Durkheim voorzag dat met de verschuiving van de premoderne naar de moderne samenleving, aan de ene kant, ongelooflijke emancipatie van individuele autonomie en productiviteit; terwijl aan de andere kant een radicale erosie van sociale banden en geworteldheid.

Een erfgenaam van de Verlichting, Durkheim verdedigde de bevrijding van individuen van religieuze dogma's, maar hij vreesde ook dat individuen met hun vrijlating uit de traditie in een staat van anomie zouden vallen - een toestand die het best kan worden gezien als 'normloosheid' - waarvan hij dacht dat het een kernpathologie van het moderne leven was.

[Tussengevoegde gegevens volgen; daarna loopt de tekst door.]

(* Let $p$ be a prime, $\alpha\in\mathbb{N}$, $r\in\mathbb{Z}$, and let $f(x)\in\mathbb{Z}_p[x]$ with $\deg f=l\in\mathbb{N}$. Then there is a sequence $(a_k)_{k\in\mathbb{N}}$ of $p$-adic integers such that for every $n\in\mathbb{N}$, $$\sum_{k=0}^n\binom nk(-1)^k\Big\lfloor\frac k{p^{\alpha-1}}\Big\rfloor!\binom{\{r\}_{p^{\alpha-1}}+\{k-r\}_{p^{\alpha-1}}}{\{r\}_{p^{\alpha-1}}}a_k=\begin{cases}p^lf\big(\frac{n-r}{p^{\alpha}}\big)&\text{if } n\equiv r\pmod{p^{\alpha}},\\ 0&\text{otherwise}.\end{cases}$$
   Context: For an integer $a$ and positive real $m$, $\{a\}_m$ is the unique number in $[0,m)$ with $a-\{a\}_m\in m\mathbb{Z}$ (so $\{a\}_{p^{-1}}=0$). When $\alpha=0$, $\lfloor k/p^{-1}\rfloor=pk$. $\mathbb{Z}_p$ denotes the $p$-adic integers. *)

theory Defs
  imports Main "HOL-Number_Theory.Cong"
begin

text \<open>p-adic integers, modelled by the standard inverse-limit construction:
  a p-adic integer is a sequence x :: nat => int of truncations that is compatible,
  i.e. x (m+1) = x m (mod p^m); two such sequences represent the same p-adic integer
  iff they agree modulo p^m for every m.  Ring operations (and hence sums, products,
  integer scalars, polynomial evaluation at an integer) are computed componentwise.\<close>

definition padic_int :: "nat \<Rightarrow> (nat \<Rightarrow> int) \<Rightarrow> bool" where
  "padic_int p x \<longleftrightarrow> (\<forall>m. [x (Suc m) = x m] (mod int p ^ m))"

definition padic_eq :: "nat \<Rightarrow> (nat \<Rightarrow> int) \<Rightarrow> (nat \<Rightarrow> int) \<Rightarrow> bool" where
  "padic_eq p x y \<longleftrightarrow> (\<forall>m. [x m = y m] (mod int p ^ m))"

text \<open>floor(k / p^(alpha-1)), with the convention floor(k / p^(-1)) = p k when alpha = 0.\<close>
definition flr :: "nat \<Rightarrow> nat \<Rightarrow> nat \<Rightarrow> nat" where
  "flr p \<alpha> k = (if \<alpha> = 0 then p * k else k div p ^ (\<alpha> - 1))"

text \<open>{a}_(p^(alpha-1)), with {a}_(p^(-1)) = 0 when alpha = 0.\<close>
definition frc :: "nat \<Rightarrow> nat \<Rightarrow> int \<Rightarrow> int" where
  "frc p \<alpha> a = (if \<alpha> = 0 then 0 else a mod (int p ^ (\<alpha> - 1)))"
theorem theorem1:
  fixes X1 :: "(real^'n1) set" and X2 :: "(real^'n2) set"
    and \<phi>1 :: "real^'n1 \<Rightarrow> real" and \<phi>2 :: "real^'n2 \<Rightarrow> real"
    and A1 :: "real^'n1^'m" and A2 :: "real^'n2^'m" and b :: "real^'m"
    and p1 :: "real^'n1 \<Rightarrow> real" and p2 :: "real^'n2 \<Rightarrow> real"
    and \<sigma>1 \<sigma>2 :: real and xc1 :: "real^'n1" and xc2 :: "real^'n2"
    and \<beta>1 \<beta>2 \<tau> :: real and xbar :: "(real^'n1) \<times> (real^'n2)" and ybar :: "real^'m"
  assumes X1: "X1 \<noteq> {}" "closed X1" "convex X1" "bounded X1"
    and X2: "X2 \<noteq> {}" "closed X2" "convex X2" "bounded X2"
    and phi: "convex_on UNIV \<phi>1" "convex_on UNIV \<phi>2"
    and prox: "prox_function X1 p1 \<sigma>1 xc1" "prox_function X2 p2 \<sigma>2 xc2"
    and beta: "\<beta>1 > 0" "\<beta>2 > 0"
    and tau: "0 < \<tau>" "\<tau> < 1"
    and xbar_in: "xbar \<in> X1 \<times> X2"
    and egap: "ffun \<phi>1 \<phi>2 A1 A2 b xbar \<beta>2 \<le> dfun X1 X2 \<phi>1 \<phi>2 A1 A2 b p1 p2 ybar \<beta>1"
    and cond: "\<beta>1 * \<beta>2 \<ge> 2 * \<tau>\<^sup>2 / (1 - \<tau>)\<^sup>2 * max ((mnorm A1)\<^sup>2 / \<sigma>1) ((mnorm A2)\<^sup>2 / \<sigma>2)"
  shows
    "let \<beta>1p = (1 - \<tau>) * \<beta>1; \<beta>2p = (1 - \<tau>) * \<beta>2;
         xs = xstar X1 X2 \<phi>1 \<phi>2 A1 A2 b p1 p2 ybar \<beta>1;
         xhat = ((1 - \<tau>) *\<^sub>R fst xbar + \<tau> *\<^sub>R fst xs, (1 - \<tau>) *\<^sub>R snd xbar + \<tau> *\<^sub>R snd xs);
         ybarp = (1 - \<tau>) *\<^sub>R ybar + \<tau> *\<^sub>R ystar A1 A2 b xhat \<beta>2p;
         xbarp = Pmap X1 X2 \<phi>1 \<phi>2 A1 A2 b xhat \<beta>2p
     in xbarp \<in> X1 \<times> X2 \<and>
        ffun \<phi>1 \<phi>2 A1 A2 b xbarp \<beta>2p \<le> dfun X1 X2 \<phi>1 \<phi>2 A1 A2 b p1 p2 ybarp \<beta>1p"
proof -
  define \<beta>2p where "\<beta>2p = (1 - \<tau>) * \<beta>2"
  define xs where "xs = xstar X1 X2 \<phi>1 \<phi>2 A1 A2 b p1 p2 ybar \<beta>1"
  define xhat where "xhat = ((1 - \<tau>) *\<^sub>R fst xbar + \<tau> *\<^sub>R fst xs, (1 - \<tau>) *\<^sub>R snd xbar + \<tau> *\<^sub>R snd xs)"
  define yh where "yh = ystar A1 A2 b xhat \<beta>2p"
  define xbarp where "xbarp = Pmap X1 X2 \<phi>1 \<phi>2 A1 A2 b xhat \<beta>2p"
  have compact: "compact X1" "compact X2"
    using X1 X2 by (auto simp: compact_eq_bounded_closed)
  have p1: "continuous_on X1 p1" "strongly_convex_on X1 p1 \<sigma>1" "\<sigma>1 > 0"
    and p2: "continuous_on X2 p2" "strongly_convex_on X2 p2 \<sigma>2" "\<sigma>2 > 0"
    using prox unfolding prox_function_def by auto
  have "xs \<in> X1 \<times> X2 \<and>
      (\<forall>w\<in>X1 \<times> X2. lagr \<phi>1 \<phi>2 A1 A2 b p1 p2 \<beta>1 ybar xs \<le> lagr \<phi>1 \<phi>2 A1 A2 b p1 p2 \<beta>1 ybar w)"
    unfolding xs_def by (rule xstar_minimizes[OF compact(1) X1(1) compact(2) X2(1) phi p1(1) p2(1)])
  then have xs: "xs \<in> X1 \<times> X2"
    and xs_min: "\<forall>w\<in>X1 \<times> X2. lagr \<phi>1 \<phi>2 A1 A2 b p1 p2 \<beta>1 ybar xs \<le> lagr \<phi>1 \<phi>2 A1 A2 b p1 p2 \<beta>1 ybar w"
    by auto
  have xbarp: "xbarp \<in> X1 \<times> X2"
    and xbarp_min: "\<forall>w\<in>X1. prox_obj \<phi>1 A1 yh (fst xhat) \<beta>2p (fst xbarp) \<le> prox_obj \<phi>1 A1 yh (fst xhat) \<beta>2p w"
      "\<forall>w\<in>X2. prox_obj \<phi>2 A2 yh (snd xhat) \<beta>2p (snd xbarp) \<le> prox_obj \<phi>2 A2 yh (snd xhat) \<beta>2p w"
    using proxblk_minimizes[OF compact(1) X1(1) phi(1), of A1 yh "fst xhat" \<beta>2p]
      proxblk_minimizes[OF compact(2) X2(1) phi(2), of A2 yh "snd xhat" \<beta>2p]
    unfolding xbarp_def Pmap_def yh_def[symmetric] by auto
  have egap_xs: "ffun \<phi>1 \<phi>2 A1 A2 b xbar \<beta>2 \<le> lagr \<phi>1 \<phi>2 A1 A2 b p1 p2 \<beta>1 ybar xs"
    using egap dfun_eq_minimum[OF xs xs_min] by simp
  have xhat_mix: "xhat = (1 - \<tau>) *\<^sub>R xbar + \<tau> *\<^sub>R xs"
    unfolding xhat_def by (simp add: prod_eq_iff)
  have "ffun \<phi>1 \<phi>2 A1 A2 b xbarp \<beta>2p
      \<le> dfun X1 X2 \<phi>1 \<phi>2 A1 A2 b p1 p2 ((1 - \<tau>) *\<^sub>R ybar + \<tau> *\<^sub>R yh) ((1 - \<tau>) * \<beta>1)"
    using gap_step[OF X1(1) X2(1) phi p1(2) p2(2) p1(3) p2(3) beta tau xbar_in xs xs_min egap_xs cond
        xhat_mix yh_def[unfolded \<beta>2p_def] xbarp_min[unfolded \<beta>2p_def]]
    unfolding \<beta>2p_def .
  then show ?thesis
    using xbarp unfolding Let_def xs_def[symmetric] xhat_def[symmetric] \<beta>2p_def[symmetric]
      yh_def[symmetric] xbarp_def[symmetric] by simp
qed

end
(* Let $P\subseteq\mathbb{R}^n$ be a rational polyhedron, $X\subseteq P$ a closed set, and $\eta\colon P\to\mathbb{R}^2$ a $\mathbb{Z}$-map. If $\eta(X)$ has a rationally outgoing $1$-tangent (at some point), then for some $k\in\{1,\ldots,n-1\}$ the set $X$ has a rationally outgoing $k$-tangent (at some point).
   Context: A rational polyhedron is a finite union of rational simplexes (simplexes whose vertices have rational coordinates). A map $\eta\colon P\to\mathbb{R}^m$ on a rational polyhedron $P$ is a $\mathbb{Z}$-map if there is a triangulation of $P$ such that on each simplex $\eta$ coincides with an affine map $\mathbb{R}^n\to\mathbb{R}^m$ with integer coefficients. $k$-tangents: Let $u=(u_1,\ldots,u_k)$ be a $k$-tuple of pairwise orthogonal unit vectors in $\mathbb{R}^N$ and for $l\le k$ let $\mathsf{p}_l$ be the orthogonal projection onto $\mathbb{R}u_1+\cdots+\mathbb{R}u_l$ ($\mathsf p_0=0$). Given $X\subseteq\mathbb{R}^N$ and $x\in\mathbb{R}^N$, $u$ is a $k$-tangent of $X$ at $x$ if there is a sequence $x_1,x_2,\ldots$ in $X$ converging to $x$ such that no vector $x_i-x$ lies in $\mathbb{R}u_1+\cdots+\mathbb{R}u_k$ and, setting $x_i^1=(x_i-x)/\|x_i-x\|$ and $x_i^l=\dfrac{x_i-x-\mathsf{p}_{l-1}(x_i-x)}{\|x_i-x-\mathsf{p}_{l-1}(x_i-x)\|}$ for $l\le k$, we have $\lim_{i\to\infty}x_i^s=u_s$ for each $s$. For $\lambda\in\mathbb{R}_{>0}^k$, $C_{x,u,\lambda}=\mathrm{conv}(x,\,x+\lambda_1u_1,\,\ldots,\,x+\lambda_1u_1+\cdots+\lambda_ku_k)$. A $k$-tangent $u$ of $X$ at $x$ is rationally outgoing if there exist a rational simplex $S$, a face $F$ of $S$, and $\lambda\in\mathbb{R}_{>0}^k$ such that $C_{x,u,\lambda}\subseteq S$, $C_{x,u,\lambda}\not\subseteq F$, and $F\cap X=S\cap X$. (For $N=2$, $k=1$ this means there is a $1$-tangent $u$ at $x$ and $\epsilon>0$ with $\mathrm{conv}(x,x+\epsilon u)$ having rational endpoints and meeting the set only in $x$.) *)

theory Defs
  imports "HOL-Analysis.Analysis"
begin

definition rational_point :: "real^'n \<Rightarrow> bool" where
  "rational_point v \<longleftrightarrow> (\<forall>i. v $ i \<in> \<rat>)"

definition rational_simplex :: "(real^'n) set \<Rightarrow> bool" where
  "rational_simplex S \<longleftrightarrow> (\<exists>C. finite C \<and> \<not> affine_dependent C \<and>
      (\<forall>v\<in>C. rational_point v) \<and> S = convex hull C)"

definition rational_polyhedron :: "(real^'n) set \<Rightarrow> bool" where
  "rational_polyhedron P \<longleftrightarrow> (\<exists>\<K>. finite \<K> \<and> (\<forall>S\<in>\<K>. rational_simplex S) \<and> P = \<Union>\<K>)"

definition triangulation :: "(real^'n) set set \<Rightarrow> (real^'n) set \<Rightarrow> bool" where
  "triangulation \<K> P \<longleftrightarrow> finite \<K> \<and> (\<forall>S\<in>\<K>. rational_simplex S) \<and> \<Union>\<K> = P \<and>
     (\<forall>S\<in>\<K>. \<forall>T\<in>\<K>. (S \<inter> T) face_of S \<and> (S \<inter> T) face_of T)"

definition Z_map :: "(real^'n) set \<Rightarrow> (real^'n \<Rightarrow> real^'m) \<Rightarrow> bool" where
  "Z_map P \<eta> \<longleftrightarrow> (\<exists>\<K>. triangulation \<K> P \<and>
     (\<forall>S\<in>\<K>. \<exists>(A::real^'n^'m) (b::real^'m).
        (\<forall>i j. A $ i $ j \<in> \<int>) \<and> (\<forall>i. b $ i \<in> \<int>) \<and>
        (\<forall>x\<in>S. \<eta> x = A *v x + b)))"

text \<open>u is indexed by 1..k. Orthogonal projection onto span of u 1, ..., u l
  (for an orthonormal family).\<close>
definition proj_first :: "(nat \<Rightarrow> real^'n) \<Rightarrow> nat \<Rightarrow> real^'n \<Rightarrow> real^'n" where
  "proj_first u l v = (\<Sum>j=1..l. (v \<bullet> u j) *\<^sub>R u j)"

definition orthonormal_tuple :: "nat \<Rightarrow> (nat \<Rightarrow> real^'n) \<Rightarrow> bool" where
  "orthonormal_tuple k u \<longleftrightarrow> (\<forall>i\<in>{1..k}. norm (u i) = 1) \<and>
     (\<forall>i\<in>{1..k}. \<forall>j\<in>{1..k}. i \<noteq> j \<longrightarrow> u i \<bullet> u j = 0)"

definition k_tangent :: "(real^'n) set \<Rightarrow> real^'n \<Rightarrow> nat \<Rightarrow> (nat \<Rightarrow> real^'n) \<Rightarrow> bool" where
  "k_tangent X x k u \<longleftrightarrow> orthonormal_tuple k u \<and>
     (\<exists>xs::nat \<Rightarrow> real^'n. (\<forall>i. xs i \<in> X) \<and> xs \<longlonglongrightarrow> x \<and>
        (\<forall>i. xs i - x \<notin> span (u ` {1..k})) \<and>
        (\<forall>s\<in>{1..k}. (\<lambda>i. (xs i - x - proj_first u (s - 1) (xs i - x)) /\<^sub>R
                          norm (xs i - x - proj_first u (s - 1) (xs i - x))) \<longlonglongrightarrow> u s))"
(* Let $(\Delta,\mathfrak o,m,q)$ be a quantized Brauer graph such that $\Delta$ contains no loops. Then there exist a finite abelian group $G$ and a Brauer weighting $W:\mathcal Z_\Delta\to G$ of $(\Delta,\mathfrak o,m,q)$ such that the graph $\Delta_W$ of the quantized Brauer covering graph $(\Delta_W,\mathfrak o_W,m_W,q_W)$ has no multiple edges, i.e. no two distinct edges of $\Delta_W$ have the same pair of endpoints.
   Context: Brauer graphs. A Brauer graph $(\Delta,\mathfrak o,m)$ is a finite connected graph $\Delta$ (loops and multiple edges allowed) with vertex set $\Delta_0$, edge set $\Delta_1$ and at least one edge, together with a multiplicity function $m:\Delta_0\to\mathbb Z_{\ge 1}$ and, for each vertex $\mu$, a cyclic ordering $\mathfrak o$ of the edges incident with $\mu$. A loop at $\mu$ occurs twice in the cyclic ordering at $\mu$; its two occurrences are regarded as two distinct elements of $\Delta_1$ (each with its own successor). Edge $j$ is the successor of edge $i$ at $\mu$ if $j$ immediately follows $i$ in the cyclic ordering at $\mu$. The valency $\operatorname{val}(\mu)$ is the number of edges incident with $\mu$, loops counted twice; if $\operatorname{val}(\mu)=1$ the unique edge at $\mu$ is its own successor. An edge $i$ is truncated at its endpoint $\mu$ if $\operatorname{val}(\mu)=1$ and $m(\mu)=1$. Fix a field $K$. A quantized Brauer graph $(\Delta,\mathfrak o,m,q)$ is a Brauer graph with a function $q:\mathcal X_\Delta\to K\setminus\{0\}$, $(i,\mu)\mapsto q_{i,\mu}$, where $\mathcal X_\Delta$ is the set of pairs $(i,\mu)$ with $\mu$ an endpoint of $i$ and $i$ not truncated at either of its endpoints. Successor weightings. Let $G$ be a finite abelian group. For $\mu\in\Delta_0$ let $\mathcal Z_\mu$ be the set of pairs $(i,j)$ of edges with $j$ the successor of $i$ at $\mu$, and $\mathcal Z_\Delta=\bigsqcup_{\mu\in\Delta_0}\mathcal Z_\mu$ (disjoint union). A successor weighting is a function $W:\mathcal Z_\Delta\to G$. Put $\omega_\mu=\prod_{(i,j)\in\mathcal Z_\mu}W(i,j)$, let $\operatorname{ord}(\mu)$ be the order of $\omega_\mu$ in $G$, and $H_\mu=\langle\omega_\mu\rangle$. $W$ is a Brauer weighting if $\operatorname{ord}(\mu)$ divides $m(\mu)$ for all $\mu\in\Delta_0$. For each $\mu$, $\sim$ is the equivalence relation on the set of pairs $(i,H_\mu g)$ ($i$ incident with $\mu$, $g\in G$) generated by $(i,H_\mu g)\sim(j,H_\mu gW(i,j))$ whenever $j$ is the successor of $i$ at $\mu$; the class of $(i,H_\mu g)$ is $[i,H_\mu g]$, and $\mathcal D_\mu$ is the set of classes. Brauer covering graph. The graph $\Delta_W$ has vertices $\mu_d$ ($\mu\in\Delta_0$, $d\in\mathcal D_\mu$) and edges $i_g$ ($i\in\Delta_1$, $g\in G$). If $i$ has endpoints $\mu$ and $\nu$, then $i_g$ has endpoints $\mu_{[i,H_\mu g]}$ and $\nu_{[i,H_\nu g]}$; if $i$ is a loop at $\mu$ with its two occurrences $i,\hat i$, then $i_g$ has endpoints $\mu_{[i,H_\mu g]}$ and $\mu_{[\hat i,H_\mu g]}$. The cyclic ordering $\mathfrak o_W$ is defined by: if $j$ is the successor of $i$ at $\mu$, then $j_{gW(i,j)}$ is the successor of $i_g$ at $\mu_{[i,H_\mu g]}$. For a Brauer weighting, $m_W(\mu_d)=m(\mu)/\operatorname{ord}(\mu)$; $(\Delta_W,\mathfrak o_W,m_W)$ is the Brauer covering graph. Given a quantizing function $q$ on $\Delta$, $q_W(i_g,\mu_d)=q_{i,\mu}$, and $(\Delta_W,\mathfrak o_W,m_W,q_W)$ is the quantized Brauer covering graph. *)

theory Defs
  imports "HOL-Algebra.Algebra" "HOL-Library.Multiset"
begin
lemma sum_disc_max_unique:
  assumes fin: "finite J" and generic: "\<forall>j\<in>J. perp (v j) w \<noteq> 0"
    and y: "\<forall>j\<in>J. y j \<in> disc (v j)"
    and ge: "(\<Sum>j\<in>J. disc_max (v j) w) \<bullet> w \<le> (\<Sum>j\<in>J. y j) \<bullet> w"
  shows "\<forall>j\<in>J. y j = disc_max (v j) w"
proof -
  define gap where "gap j = norm (v j) * norm (perp (v j) w) - y j \<bullet> w" for j
  have gap_nonneg: "\<forall>j\<in>J. 0 \<le> gap j"
    using y by (simp add: gap_def inner_le_disc_max)
  have "(\<Sum>j\<in>J. gap j) = (\<Sum>j\<in>J. disc_max (v j) w) \<bullet> w - (\<Sum>j\<in>J. y j) \<bullet> w"
    using generic by (simp add: gap_def inner_sum_left sum_subtractf inner_disc_max)
  moreover have "0 \<le> (\<Sum>j\<in>J. gap j)" using gap_nonneg by (simp add: sum_nonneg)
  ultimately have "(\<Sum>j\<in>J. gap j) = 0" using ge by linarith
  then have "\<forall>j\<in>J. gap j = 0" using sum_nonneg_eq_0_iff[OF fin] gap_nonneg by blast
  then show ?thesis
    using y generic by (auto simp: gap_def intro!: disc_max_unique)
qed

lemma cross_signs_of_max_slope:
  fixes n w c d :: "real^3"
  assumes n: "n \<noteq> 0" and orth: "n \<bullet> w = 0" "n \<bullet> c = 0" "n \<bullet> d = 0" and cd: "c \<times> d \<noteq> 0"
    and pos: "c \<bullet> (n \<times> w) > 0" "d \<bullet> (n \<times> w) > 0"
    and slope: "(c \<bullet> w) * (d \<bullet> (n \<times> w)) \<le> (d \<bullet> w) * (c \<bullet> (n \<times> w))"
  shows "n \<bullet> (c \<times> w) < 0" "n \<bullet> (c \<times> d) < 0"
proof -
  have w0: "w \<bullet> w > 0" using pos(1) by auto
  have "w \<times> (n \<times> w) = (w \<bullet> w) *\<^sub>R n" using orth(1) by (simp add: Lagrange inner_commute)
  then have key: "(n \<bullet> (x \<times> y)) * (w \<bullet> w) = (x \<bullet> w) * (y \<bullet> (n \<times> w)) - (x \<bullet> (n \<times> w)) * (y \<bullet> w)"
    for x y
    using dot_cross[of x y w "n \<times> w"] by (simp add: inner_commute mult.commute)
  have "(n \<bullet> (c \<times> w)) * (w \<bullet> w) = - (c \<bullet> (n \<times> w)) * (w \<bullet> w)"
    using key[of c w] by (simp add: dot_cross_self)
  then have "(n \<bullet> (c \<times> w) + c \<bullet> (n \<times> w)) * (w \<bullet> w) = 0" by (simp add: algebra_simps)
  then have "n \<bullet> (c \<times> w) + c \<bullet> (n \<times> w) = 0" using w0 by simp
  then show "n \<bullet> (c \<times> w) < 0" using pos(1) by linarith
  have "(n \<bullet> (c \<times> d)) * (w \<bullet> w) \<le> 0"
    using key[of c d] slope by (simp add: mult.commute)
  then have "n \<bullet> (c \<times> d) \<le> 0" using w0 by (simp add: mult_le_0_iff)
  moreover have "n \<bullet> (c \<times> d) \<noteq> 0"
  proof
    assume z: "n \<bullet> (c \<times> d) = 0"
    have "n \<times> (c \<times> d) = 0" using orth(2,3) by (simp add: Lagrange)
    then obtain \<alpha> where "n = \<alpha> *\<^sub>R (c \<times> d)"
      using cross_eq_0_iff_in_span[OF cd] by (auto simp: span_singleton)
    then show False using z n cd by simp
  qed
  ultimately show "n \<bullet> (c \<times> d) < 0" by simp
qed
(* Let $X$ be a Tychonoff space. The following are equivalent: (1) $(C(X),\tau_\Gamma)$ is second countable; (2) $(C(X),\tau_\Gamma)$ has a countable network; (3) $(C(X),\tau_\Gamma)$ is separable; (4) $(C(X),\tau_\Gamma)$ has the countable chain condition; (5) $X$ is compact and metrizable.
   Context: $C(X)$ is the set of continuous real-valued functions on $X$, each identified with its graph in $X\times\mathbb{R}$. The graph topology $\tau_\Gamma$ on $C(X)$ has base $\{F_G: G\text{ open in }X\times\mathbb{R}\}$ where $F_G=\{f\in C(X): f\subset G\}$. *)

theory Defs
  imports "HOL-Analysis.Analysis"
begin

definition tychonoff_space :: "'a topology \<Rightarrow> bool" where
  "tychonoff_space X \<equiv> completely_regular_space X \<and> t1_space X"

definition fgraph :: "'a topology \<Rightarrow> ('a \<Rightarrow> real) \<Rightarrow> ('a \<times> real) set" where
  "fgraph X f = {(x, f x) | x. x \<in> topspace X}"

text \<open>C(X): continuous real-valued functions on X, identified with their graphs.\<close>
definition CX :: "'a topology \<Rightarrow> ('a \<times> real) set set" where
  "CX X = {fgraph X f | f. continuous_map X euclideanreal f}"

definition FG :: "'a topology \<Rightarrow> ('a \<times> real) set \<Rightarrow> ('a \<times> real) set set" where
  "FG X G = {g \<in> CX X. g \<subseteq> G}"

definition graph_topology :: "'a topology \<Rightarrow> ('a \<times> real) set topology" where
  "graph_topology X =
     topology_generated_by {FG X G | G. openin (prod_topology X euclideanreal) G}"

definition has_countable_network :: "'a topology \<Rightarrow> bool" where
  "has_countable_network T \<equiv>
     \<exists>\<N>. countable \<N> \<and> (\<forall>N\<in>\<N>. N \<subseteq> topspace T) \<and>
         (\<forall>U x. openin T U \<and> x \<in> U \<longrightarrow> (\<exists>N\<in>\<N>. x \<in> N \<and> N \<subseteq> U))"
lemma insert_before_one_append [simp]:
  "insert_before_one n (xs @ ys) = insert_before_one n xs @ insert_before_one n ys"
  by (simp add: insert_before_one_def)

lemma set_insert_before_one:
  "set (insert_before_one n ys) = set ys \<union> (if 1 \<in> set ys then {n} else {})"
  by (induction ys) auto

lemma insert_before_one_id: "1 \<notin> set ys \<Longrightarrow> insert_before_one n ys = ys"
  by (induction ys) auto

lemma distinct_insert_before_one:
  "distinct ys \<Longrightarrow> n \<notin> set ys \<Longrightarrow> distinct (insert_before_one n ys)"
  by (induction ys) (auto simp: set_insert_before_one)

lemma removeAll_insert_before_one:
  "n \<noteq> 1 \<Longrightarrow> n \<notin> set ys \<Longrightarrow> removeAll n (insert_before_one n ys) = ys"
  by (induction ys) auto

text \<open>Inserting \<open>n\<close> before \<open>1\<close> turns the succession \<open>n-1, 1\<close> modulo \<open>n-1\<close> into the
  succession \<open>n-1, n\<close> modulo \<open>n\<close>, and creates the succession \<open>n, 1\<close>.\<close>
lemma cyclic_successions_insert_before_one:
  assumes "set ys \<subseteq> {1..n-1}" "n \<ge> 2"
  shows "cyclic_successions n (insert_before_one n ys) =
           cyclic_successions (n-1) ys \<union> (if 1 \<in> set ys then {n} else {})"
  using assms
proof (induction ys)
  case (Cons y ys)
  let ?p = "if y = 1 then [n, 1] else [y]"
  have y: "1 \<le> y" "y \<le> n - 1" using Cons.prems by auto
  have p: "cyclic_successions n ?p = (if y = 1 then {n} else {})" "last ?p = y" "?p \<noteq> []"
    by (auto simp: cyclic_succ_def)
  have hd: "(insert_before_one n ys \<noteq> [] \<and> hd (insert_before_one n ys) = cyclic_succ n y)
      \<longleftrightarrow> (ys \<noteq> [] \<and> hd ys = cyclic_succ (n-1) y)"
  proof (cases ys)
    case (Cons z zs)
    have "1 \<le> z" "z \<le> n - 1" using Cons.prems \<open>ys = z # zs\<close> by auto
    then show ?thesis using y \<open>n \<ge> 2\<close> \<open>ys = z # zs\<close> by (auto simp: cyclic_succ_def)
  qed simp
  have "cyclic_successions n (insert_before_one n (y # ys))
      = cyclic_successions n ?p \<union> cyclic_successions n (insert_before_one n ys) \<union>
          (if insert_before_one n ys \<noteq> [] \<and> hd (insert_before_one n ys) = cyclic_succ n y
           then {y} else {})"
    by (simp only: insert_before_one_Cons cyclic_successions_append p simp_thms)
  then show ?case
    using Cons p(1) unfolding hd cyclic_successions_Cons[of "n-1" y ys]
    by (cases "y = 1"; cases "1 \<in> set ys"; simp; blast)
qed simp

Om deze reden, zijn hele carrière heeft hij geprobeerd de grondslagen van sociale solidariteit in de moderniteit te identificeren; hij was geobsedeerd door het verzoenen van de behoefte aan individuele vrijheid en de behoefte aan gemeenschap in liberale democratieën.

In zijn volwassen jaren, Durkheim vond wat volgens hem een ​​oplossing was voor dit hardnekkige probleem:religie. Maar niet 'religie' zoals begrepen in de conventionele zin. Trouw aan zijn sociologische overtuigingen, Durkheim begon religie te begrijpen als een ander sociaal feit, dat is, als bijproduct van het sociale leven. In zijn klassieker De elementaire vormen van het religieuze leven , hij definieerde "religie" op de volgende manier:

"Een religie is een verenigd systeem van overtuigingen en praktijken met betrekking tot heilige dingen, Het is te zeggen, dingen die apart en verboden zijn - overtuigingen en praktijken die zich verenigen in één enkele morele gemeenschap die een kerk wordt genoemd, allen die zich eraan houden."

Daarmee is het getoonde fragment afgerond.